1. What StatsMgr Actually Does
At a high level, StatsMgr:
- Snapshots PostgreSQL’s cumulative statistics at fixed intervals
- Stores a configurable number of historical snapshots in shared memory
- Exposes this history via SQL functions like statsmgr_wal(), statsmgr_io(), statsmgr_slru(), etc. (PostgreSQL)
You can think of it as a tiny time-series layer sitting inside PostgreSQL, focused only on internal stats.
This is very useful when:
- Your external monitoring is down, but you still want to know what happened
- You need to debug a spike that already passed
- You want to compute per-minute deltas of WAL, SLRU, I/O, etc., without constantly pulling from pg_stat_* yourself
2. Installing StatsMgr from Source
I built StatsMgr from the official repository using PostgreSQL 17’s PGXS:
git clone https://codeberg.org/Data-Bene/StatsMgr.git
cd StatsMgr
make USE_PGXS=1 PG_CONFIG=/usr/lib/postgresql/17/bin/pg_config
sudo make install USE_PGXS=1 PG_CONFIG=/usr/lib/postgresql/17/bin/pg_config
You can verify the extension is available with:
SELECT *
FROM pg_available_extensions
WHERE name = 'statsmgr';
You get result like this
name | default_version | installed_version | comment
---------+-----------------+-------------------+--------------------------------------
statsmgr| 0.1-alpha | 0.1-alpha | Statistics management for PostgreSQL
3. Two Ways to Install: Temporary vs Permanent
You can “install” StatsMgr at two levels:
3.1 Temporary (per-database) installation
This is what you already did:
CREATE EXTENSION statsmgr;
This:
- Registers the SQL functions like statsmgr_wal(), statsmgr_io(), etc. in that database
- Lets you manually start the background worker using statsmgr_start_main_worker()
- Does not require a server restart
However, because this uses a dynamic background worker (registered at runtime), it will not automatically start when PostgreSQL restarts. After a restart, you must again run statsmgr_start_main_worker().
This is perfect for experiments and development environments.

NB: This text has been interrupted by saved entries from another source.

text \<open>Induction on U: colour S' \<union> X with b, where S' \<supseteq> S is nonempty and X splits S'.
  A component of the rest only has boundary vertices next to X or next to the part of S' in one
  component of U - X, hence at most a of them, and is coloured recursively with its boundary
  precoloured \<not> b.\<close>
lemma clustered_colouring:
  assumes "finite V" "H \<subseteq> V \<times> V" "sym H" "\<And>x. card (H `` {x}) \<le> D"
    and "balanced_separators H V s Q" "2 * D \<le> Q" "2 * D * s \<le> a" "1 \<le> a"
    and "U \<subseteq> V" "S \<subseteq> U" "card S \<le> a"
  shows "\<exists>c. (\<forall>v\<in>S. c v = b) \<and> (\<forall>v\<in>U. card (component (mono_edges H c) U v) \<le> a + s)"
  using assms(9-11)
proof (induction "card U" arbitrary: U S b rule: less_induct)
  case less
  have fin_U: "finite U" using less.prems(1) assms(1) by (rule finite_subset)
  show ?case
  proof (cases "U = {}")
    case False
    obtain S' where S': "S \<subseteq> S'" "S' \<subseteq> U" "card S' \<le> a" "S' \<noteq> {}"
    proof (cases "S = {}")
      case True
      obtain u where "u \<in> U" using False by blast
      then show ?thesis using that[of "{u}"] True assms(8) by auto
    qed (use that less.prems in auto)
    obtain X where X: "X \<subseteq> U" "card X \<le> s"
      "\<And>u. u \<in> U - X \<Longrightarrow> Q * card (S' \<inter> component H (U - X) u) \<le> card S'"
      using balanced_separatorsD[OF assms(5) less.prems(1) S'(2)] by blast
    let ?R = "S' \<union> X"
    have "\<exists>c. (\<forall>w\<in>?R. c w = b) \<and> (\<forall>v\<in>U. card (component (mono_edges H c) U v) \<le> a + s)"
    proof (rule combine_colourings[OF fin_U assms(3)])
      show "?R \<subseteq> U" using S'(2) X(1) by blast
      show "card ?R \<le> a + s" using card_Un_le[of S' X] S'(3) X(2) by linarith
    next
      fix v assume v: "v \<in> U - ?R"
      let ?K = "component H (U - ?R) v"
      have K: "?K \<subseteq> U - ?R" using v by (rule component_subset)
      then have "card ?K < card U" using S'(2,4) fin_U by (intro psubset_card_mono) auto
      moreover have "?K \<subseteq> V" using K less.prems(1) by blast
      moreover have "card (?K \<inter> H `` ?R) \<le> a"
        using assms(1-4) less.prems(1) S'(2) X(1,2) S'(3) X(3) assms(6,7) v
        by (rule separator_boundary_card)
      ultimately show "\<exists>c. (\<forall>w \<in> ?K \<inter> H `` ?R. c w = (\<not> b)) \<and>
          (\<forall>w \<in> ?K. card (component (mono_edges H c) ?K w) \<le> a + s)"
        by (rule less.hyps[OF _ _ Int_lower1])
    qed
    then show ?thesis using S'(1) by blast
  qed (intro exI[of _ "\<lambda>_. b"], simp)
qed

section \<open>Rooted trees and centroid bags\<close>

lemma walk_avoiding_closed:
  assumes "\<forall>x y. (x, y) \<in> F \<and> x \<in> A \<and> y \<noteq> n \<longrightarrow> y \<in> A"
  shows "is_walk F xs \<Longrightarrow> hd xs \<in> A \<Longrightarrow> n \<notin> set xs \<Longrightarrow> set xs \<subseteq> A"
proof (induction xs rule: induct_list012)
  case (3 x y zs)
  then have "y \<in> A" using assms by auto
  with 3 show ?case by simp
qed auto

locale rooted_tree =
  fixes N :: "'n set" and F :: "('n \<times> 'n) set" and root :: 'n
  assumes tree: "is_tree N F" and root_in: "root \<in> N"
begin

lemma edges_subset: "F \<subseteq> N \<times> N" and sym_edges: "sym F" and finite_nodes: "finite N"
  and irrefl_edges: "(x, x) \<notin> F"
  using tree by (auto simp: is_tree_def fin_graph_def)

definition depth :: "'n \<Rightarrow> nat" where
  "depth x = (LEAST k. \<exists>xs. is_walk F xs \<and> hd xs = root \<and> last xs = x \<and> length xs = Suc k)"

lemma depth_walk:
  assumes "x \<in> N"
  obtains xs where "is_walk F xs" "hd xs = root" "last xs = x" "length xs = Suc (depth x)"
proof -
  have "connected_in F N" using tree by (simp add: is_tree_def)
  then obtain xs where "is_walk F xs" "hd xs = root" "last xs = x"
    using root_in assms unfolding connected_in_def by blast
  then have "\<exists>k xs. is_walk F xs \<and> hd xs = root \<and> last xs = x \<and> length xs = Suc k"
    by (intro exI[of _ "length xs - 1"] exI[of _ xs]) (cases xs, auto)
  from LeastI_ex[OF this] show ?thesis
    using that unfolding depth_def by blast
qed

lemma depth_le: "is_walk F xs \<Longrightarrow> hd xs = root \<Longrightarrow> depth (last xs) \<le> length xs - 1"
  unfolding depth_def by (rule Least_le) (cases xs, auto)

lemma depth_root: "depth root = 0"
  using depth_le[of "[root]"] by simp

lemma depth_eq_0: "x \<in> N \<Longrightarrow> depth x = 0 \<Longrightarrow> x = root"
  by (metis depth_walk length_0_conv length_Suc_conv list.sel(1) last_ConsL)

lemma depth_edge_le: "(x, y) \<in> F \<Longrightarrow> depth y \<le> depth x + 1"
proof -
  assume xy: "(x, y) \<in> F"
  then have "x \<in> N" using edges_subset by blast
  then obtain xs where xs: "is_walk F xs" "hd xs = root" "last xs = x" "length xs = Suc (depth x)"
    by (rule depth_walk)
  then have "is_walk F (xs @ [y])" "hd (xs @ [y]) = root"
    using is_walk_append[of F xs "[y]"] xy by (auto simp: hd_append)
  from depth_le[OF this] xs(4) show ?thesis by simp
qed

lemma ex_parent:
  assumes "x \<in> N" "x \<noteq> root"
  shows "\<exists>z. (x, z) \<in> F \<and> depth z + 1 = depth x"
proof -
  obtain xs where xs: "is_walk F xs" "hd xs = root" "last xs = x" "length xs = Suc (depth x)"
    using assms(1) by (rule depth_walk)
  have pos: "depth x > 0" using depth_eq_0 assms by blast
  let ?z = "xs ! (depth x - 1)"
  have "xs ! depth x = x"
    using xs(3,4) last_conv_nth[of xs] by (metis diff_Suc_1 list.size(3) nat.distinct(1))
  then have "(?z, x) \<in> F"
    using is_walk_nth[OF xs(1), of "depth x - 1"] pos xs(4) by simp
  moreover have "depth ?z \<le> depth x - 1"
  proof -
    have "take (depth x) xs \<noteq> []" "length (take (depth x) xs) = depth x"
      using pos xs(4) by auto
    then have "last (take (depth x) xs) = ?z" "hd (take (depth x) xs) = root"
      using pos xs(2) by (auto simp: last_conv_nth hd_conv_nth)
    then show ?thesis
      using depth_le[of "take (depth x) xs"] is_walk_take[OF xs(1)] pos xs(4) by simp
  qed
  ultimately show ?thesis
    using depth_edge_le[of ?z x] sym_edges pos by (intro exI[of _ ?z]) (auto dest: symD)
qed

definition parent :: "'n \<Rightarrow> 'n" where
  "parent x = (if x = root then root else SOME z. (x, z) \<in> F \<and> depth z + 1 = depth x)"

lemma parent_root [simp]: "parent root = root"
  by (simp add: parent_def)

lemma parent_edge: "x \<in> N \<Longrightarrow> x \<noteq> root \<Longrightarrow> (x, parent x) \<in> F \<and> depth (parent x) + 1 = depth x"
  unfolding parent_def using someI_ex[OF ex_parent] by simp

lemma parent_in: "x \<in> N \<Longrightarrow> parent x \<in> N"
  using parent_edge edges_subset by (cases "x = root") auto

lemma walk_to_root:
  "x \<in> N \<Longrightarrow> \<exists>xs. is_walk {(u, parent u) | u. u \<in> N \<and> u \<noteq> root} xs \<and> hd xs = x \<and> last xs = root"
proof (induction "depth x" arbitrary: x)
  case 0
  then show ?case using depth_eq_0 by (intro exI[of _ "[root]"]) auto
next
  case (Suc n)
  then have "x \<noteq> root" using depth_root by auto
  with Suc.prems have "parent x \<in> N" "depth (parent x) = n"
    using parent_in[OF Suc.prems] parent_edge[OF Suc.prems] Suc.hyps(2) by auto
  then obtain xs where xs: "is_walk {(u, parent u) | u. u \<in> N \<and> u \<noteq> root} xs"
    "hd xs = parent x" "last xs = root"
    using Suc.hyps(1) by blast
  then have "xs \<noteq> []" by auto
  with xs \<open>x \<noteq> root\<close> Suc.prems show ?case
    by (intro exI[of _ "x # xs"]) (cases xs, auto)
qed

text \<open>Otherwise the walks from x and from y up to the root avoid the edge {x, y}, which would
  then lie on a cycle.\<close>
lemma edge_imp_parent:
  assumes xy: "(x, y) \<in> F" and "depth y \<le> depth x"
  shows "y = parent x"
proof (rule ccontr)
  assume ne: "y \<noteq> parent x"
  let ?P = "{(u, parent u) | u. u \<in> N \<and> u \<noteq> root}"
  have P: "?P \<union> ?P\<inverse> \<subseteq> F - {(x, y), (y, x)}"
    using parent_edge sym_edges ne assms(2) by (fastforce dest: symD)
  have "x \<in> N" "y \<in> N" using xy edges_subset by auto
  then obtain xs ys where xs: "is_walk ?P xs" "hd xs = x" "last xs = root"
    and ys: "is_walk ?P ys" "hd ys = y" "last ys = root"
    using walk_to_root by meson
  have "is_walk (?P \<union> ?P\<inverse>) xs" "is_walk (?P \<union> ?P\<inverse>) (rev ys)"
    using xs(1) is_walk_rev[OF _ is_walk_mono[OF ys(1)]] by (auto intro: is_walk_mono simp: sym_def)
  moreover have "ys \<noteq> []" using ys by auto
  ultimately obtain zs where zs: "is_walk (?P \<union> ?P\<inverse>) zs" "hd zs = x" "last zs = y"
    using walk_concat[of "?P \<union> ?P\<inverse>" xs "rev ys"] xs ys by (auto simp: hd_rev last_rev)
  have "is_walk (F - {(x, y), (y, x)}) zs" using is_walk_mono[OF zs(1) P] .
  then show False using tree xy zs(2,3) unfolding is_tree_def by blast
qed

lemma edge_parent_cases:
  assumes "(x, y) \<in> F"
  shows "(x \<noteq> root \<and> y = parent x) \<or> (y \<noteq> root \<and> x = parent y)"
proof -
  have "a \<noteq> root" if "(a, b) \<in> F" "depth b \<le> depth a" for a b
    using that depth_root depth_eq_0 edges_subset irrefl_edges by fastforce
  moreover have "(y, x) \<in> F" using assms sym_edges by (auto dest: symD)
  ultimately show ?thesis
    using edge_imp_parent assms by (metis nat_le_linear)
qed

lemma parent_iterate_root: "x \<in> N \<Longrightarrow> (parent ^^ depth x) x = root"
proof (induction "depth x" arbitrary: x)
  case (Suc n)
  then have "x \<noteq> root" using depth_root by auto
  with Suc show ?case
    using parent_in[of x] parent_edge[of x] by (metis Suc_eq_plus1 funpow_simps_right(2) nat.inject o_apply)
qed (use depth_eq_0 in simp)

definition descendants :: "'n \<Rightarrow> 'n set" where
  "descendants m = {x \<in> N. \<exists>k. (parent ^^ k) x = m}"

lemma descendants_root: "descendants root = N"
  using parent_iterate_root by (auto simp: descendants_def)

3.2 Permanent installation via shared_preload_libraries
StatsMgr is designed to integrate with background workers and shared memory. To have it available cluster-wide and to allow it to register workers during postmaster startup, you should add it to shared_preload_libraries in postgresql.conf:
You can get the path of the config file inside psql terminal like this
postgres=# show config_file ;
config_file
-----------------------------------------
/etc/postgresql/17/main/postgresql.conf
Open this file and find this parameter named shared_preload_libraries and set it’s value like this
shared_preload_libraries = 'statsmgr'
Then restart PostgreSQL.
Why this matters:
- Extensions that allocate shared memory or register background workers at startup (like pg_stat_statements, pg_cron, etc.) must be in shared_preload_libraries. (PostgreSQL)
- With this configuration, StatsMgr can be ready immediately when the server is up, and you can choose to have its background worker started early in the lifecycle.

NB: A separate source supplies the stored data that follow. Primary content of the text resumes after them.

lemma uaw_null_pprt_increments:
  fixes s :: "nat \<Rightarrow> 'a::banach_lattice"
  assumes s_nonneg: "\<And>n. 0 \<le> s n" and s_inc: "\<And>n. s n \<le> s (Suc n)"
    and increment_bounded: "\<And>n. norm (s (Suc n) - s n) \<le> 1"
  shows "uaw_null (\<lambda>n. pprt (s (Suc n) - s n - (real (Suc n) * 2 ^ n) *\<^sub>R s n))"
proof -
  \<comment> \<open>the weight makes the n overlaps of x n with its predecessors total at most (1/2)^n\<close>
  define M where "M n = real (Suc n) * 2 ^ n" for n
  define z where "z n = s (Suc n) - s n" for n
  define x where "x n = pprt (z n - M n *\<^sub>R s n)" for n
  have M_pos: "0 < M n" for n by (simp add: M_def)
  have z_nonneg: "0 \<le> z n" for n using s_inc by (simp add: z_def)
  have x_le_z: "x n \<le> z n" for n
    unfolding x_def using M_pos[of n] s_nonneg[of n] z_nonneg[of n]
    by (intro pprt_diff_le) (simp_all add: scaleR_nonneg_nonneg)
  have almost_disjoint: "inf (x n) (x i) \<le> (1 / M n) *\<^sub>R z n" if "i < n" for i n
  proof -
    have "z i \<le> s (Suc i)" using s_nonneg[of i] by (simp add: z_def)
    with x_le_z have "x i \<le> s (Suc i)" by (rule order_trans)
    also have "\<dots> \<le> s n" using s_inc by (rule lift_Suc_mono_le) (use \<open>i < n\<close> in simp)
    finally have "inf (x n) (x i) \<le> inf (x n) (s n)" by (simp add: le_infI2)
    also have "\<dots> = (1 / M n) *\<^sub>R (M n *\<^sub>R inf (x n) (s n))" using M_pos[of n] by simp
    also have "\<dots> \<le> (1 / M n) *\<^sub>R z n"
    proof (rule scaleR_left_mono)
      show "M n *\<^sub>R inf (x n) (s n) \<le> z n"
        unfolding x_def using M_pos[of n] s_nonneg[of n] z_nonneg[of n]
        by (intro scaleR_inf_pprt_diff_le) auto
    qed (use M_pos[of n] in simp)
    finally show ?thesis .
  qed
  have summable: "summable (\<lambda>n. real n * norm ((1 / M n) *\<^sub>R z n))"
  proof (rule summable_comparison_test[OF _ summable_geometric[of "1 / 2 :: real"]])
    have "real n * norm ((1 / M n) *\<^sub>R z n) \<le> (1 / 2) ^ n" for n
    proof -
      have "real n * norm ((1 / M n) *\<^sub>R z n) = real n / M n * norm (z n)"
        using M_pos[of n] by simp
      also have "\<dots> \<le> real n / M n"
        using increment_bounded[of n] M_pos[of n] by (intro mult_left_le) (simp_all add: z_def)
      also have "\<dots> \<le> real (Suc n) / M n"
        using M_pos[of n] by (intro divide_right_mono) simp_all
      also have "\<dots> = (1 / 2) ^ n" by (simp add: M_def power_one_over)
      finally show ?thesis .
    qed
    then show "\<exists>N. \<forall>n\<ge>N. norm (real n * norm ((1 / M n) *\<^sub>R z n)) \<le> (1 / 2) ^ n"
      by simp
  qed simp
  have "uaw_null x"
    by (rule uaw_null_if_almost_disjoint[OF _ _ almost_disjoint summable])
      (use M_pos z_nonneg in \<open>auto simp: x_def scaleR_nonneg_nonneg less_imp_le\<close>)
  then show ?thesis unfolding x_def[abs_def] z_def M_def .
qed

4. Starting the StatsMgr Background Worker
You can start the main worker like this:
SELECT * FROM statsmgr_start_main_worker();
Output:
pid
---------
1010574
On the OS side, execute this command with this process id
ps -ef | grep 1010574
Now you can see a process with this pid runs in background
postgres 1010574 1064 0 18:20 ? 00:00:00 postgres: 17/main: statsmgr main
So the background worker is clearly running as a PostgreSQL child process.
4.1 Why the PID is not in pg_stat_activity
SELECT *
FROM pg_stat_activity
WHERE pid = '1010574';
You got 0 records
(0 rows)
At first this looks strange, because pg_stat_activity is described as “one row per server process”.
The key detail is how background workers are defined in PostgreSQL:
- A background worker can either
- Attach to shared memory only, or
- Attach to shared memory and also open a normal database connection
Only workers that behave like a database backend (with a DB connection) appear in pg_stat_activity. StatsMgr’s main worker is a lightweight process that attaches to shared memory and collects statistics; it does not open a SQL-level connection to any database.
Result:
- You see the PID in the operating system process list
- But it does not appear in pg_stat_activity, because from PostgreSQL’s point of view it is not a “backend” with a current query
This is normal and safe. If you want to monitor that the worker is alive, check:
- The OS process list by name (statsmgr main)
- Logs from the extension
5. Understanding the StatsMgr Views with Real Output
After starting the worker, you can explore all the functions related to this statsmgr extension.
Internally, each function returns multiple rows representing snapshots over time. The tick column is a key to reference snapshots, and tick_tz is the timestamp at which the snapshot was taken. As the worker keeps running, more ticks are added.
5.1 statsmgr_archiver(): WAL archiving statistics
SELECT * FROM statsmgr_archiver();
You get result like this.
archived_count | last_archived_wal | last_archived_timestamp ...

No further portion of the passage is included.